-- Problem description --
Write the records below out again. Match them exactly.

BEGIN Given data

(* Consider the sub-$\ell^\infty$ structure on $\mathbb{R}^3$ defined by $Y_1=\partial_x+\partial_y+y^2\partial_z$, $Y_2=\partial_x-\partial_y+y^2\partial_z$. Let $(\lambda,\gamma)$ be an extremal pair, $j\in\{1,2\}$, and $t_0$ a time such that the restriction to some interval $(t_0-\varepsilon,t_0)$ is a regular arc and the restriction to some interval $(t_0,t_0+\varepsilon)$ is a $\varphi_j$-singular arc (or the same with the roles of the two sides exchanged). Then on the regular arc the switching function $\varphi_j$ is a polynomial of degree $2$ in $t$, and $\varphi_j$ is differentiable at $t_0$ with $\dot\varphi_j(t_0)=0$.
   Context: Sub-$\ell^\infty$ structure defined by smooth vector fields $X_1,\dots,X_k$ on a manifold $M$ (here $X_1=Y_1$, $X_2=Y_2$): an admissible trajectory is an absolutely continuous curve $\gamma:[0,T]\to M$ together with a measurable control $u=(u_1,\dots,u_k):[0,T]\to\mathbb{R}^k$ with $|u_i(t)|\le1$ for all $i$ and a.e. $t$, such that $\dot\gamma(t)=\sum_i u_i(t)X_i(\gamma(t))$ for a.e. $t$. An extremal pair is a pair $(\lambda,\gamma)$ where $\gamma$ is admissible with control $u$ and $\lambda:[0,T]\to T^*M$ is absolutely continuous with $\lambda(t)\in T^*_{\gamma(t)}M\setminus\{0\}$, such that, with $\mathcal H(\lambda,p,u)=\sum_i u_i\langle\lambda,X_i(p)\rangle$, in canonical coordinates $\dot\lambda=-\partial_p\mathcal H(\lambda,\gamma,u)$, $\dot\gamma=\partial_\lambda\mathcal H(\lambda,\gamma,u)$ a.e., and there is a constant $\lambda_0\ge0$ with $\sum_iu_i(t)\langle\lambda(t),X_i(\gamma(t))\rangle=\sum_i|\langle\lambda(t),X_i(\gamma(t))\rangle|=\lambda_0$ for a.e. $t$; $\gamma$ is then an extremal trajectory and $\lambda$ an extremal lift. The switching functions are $\varphi_j(t)=\langle\lambda(t),X_j(\gamma(t))\rangle$. The restriction of an extremal pair to an open interval $I$ is a $\varphi_j$-singular arc if $\varphi_j\equiv0$ on $I$, and a regular arc if $\varphi_i(t)\ne0$ for all $t\in I$ and all $i$. *)

theory Defs
  imports "HOL-Analysis.Analysis"
begin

END Given data

-- Answer for the task --
(* Consider the sub-$\ell^\infty$ structure on $\mathbb{R}^3$ defined by $Y_1=\partial_x+\partial_y+y^2\partial_z$, $Y_2=\partial_x-\partial_y+y^2\partial_z$. Let $(\lambda,\gamma)$ be an extremal pair, $j\in\{1,2\}$, and $t_0$ a time such that the restriction to some interval $(t_0-\varepsilon,t_0)$ is a regular arc and the restriction to some interval $(t_0,t_0+\varepsilon)$ is a $\varphi_j$-singular arc (or the same with the roles of the two sides exchanged). Then on the regular arc the switching function $\varphi_j$ is a polynomial of degree $2$ in $t$, and $\varphi_j$ is differentiable at $t_0$ with $\dot\varphi_j(t_0)=0$.
   Context: Sub-$\ell^\infty$ structure defined by smooth vector fields $X_1,\dots,X_k$ on a manifold $M$ (here $X_1=Y_1$, $X_2=Y_2$): an admissible trajectory is an absolutely continuous curve $\gamma:[0,T]\to M$ together with a measurable control $u=(u_1,\dots,u_k):[0,T]\to\mathbb{R}^k$ with $|u_i(t)|\le1$ for all $i$ and a.e. $t$, such that $\dot\gamma(t)=\sum_i u_i(t)X_i(\gamma(t))$ for a.e. $t$. An extremal pair is a pair $(\lambda,\gamma)$ where $\gamma$ is admissible with control $u$ and $\lambda:[0,T]\to T^*M$ is absolutely continuous with $\lambda(t)\in T^*_{\gamma(t)}M\setminus\{0\}$, such that, with $\mathcal H(\lambda,p,u)=\sum_i u_i\langle\lambda,X_i(p)\rangle$, in canonical coordinates $\dot\lambda=-\partial_p\mathcal H(\lambda,\gamma,u)$, $\dot\gamma=\partial_\lambda\mathcal H(\lambda,\gamma,u)$ a.e., and there is a constant $\lambda_0\ge0$ with $\sum_iu_i(t)\langle\lambda(t),X_i(\gamma(t))\rangle=\sum_i|\langle\lambda(t),X_i(\gamma(t))\rangle|=\lambda_0$ for a.e. $t$; $\gamma$ is then an extremal trajectory and $\lambda$ an extremal lift. The switching functions are $\varphi_j(t)=\langle\lambda(t),X_j(\gamma(t))\rangle$. The restriction of an extremal pair to an open interval $I$ is a $\varphi_j$-singular arc if $\varphi_j\equiv0$ on $I$, and a regular arc if $\varphi_i(t)\ne0$ for all $t\in I$ and all $i$. *)

theory Defs
  imports "HOL-Analysis.Analysis"
begin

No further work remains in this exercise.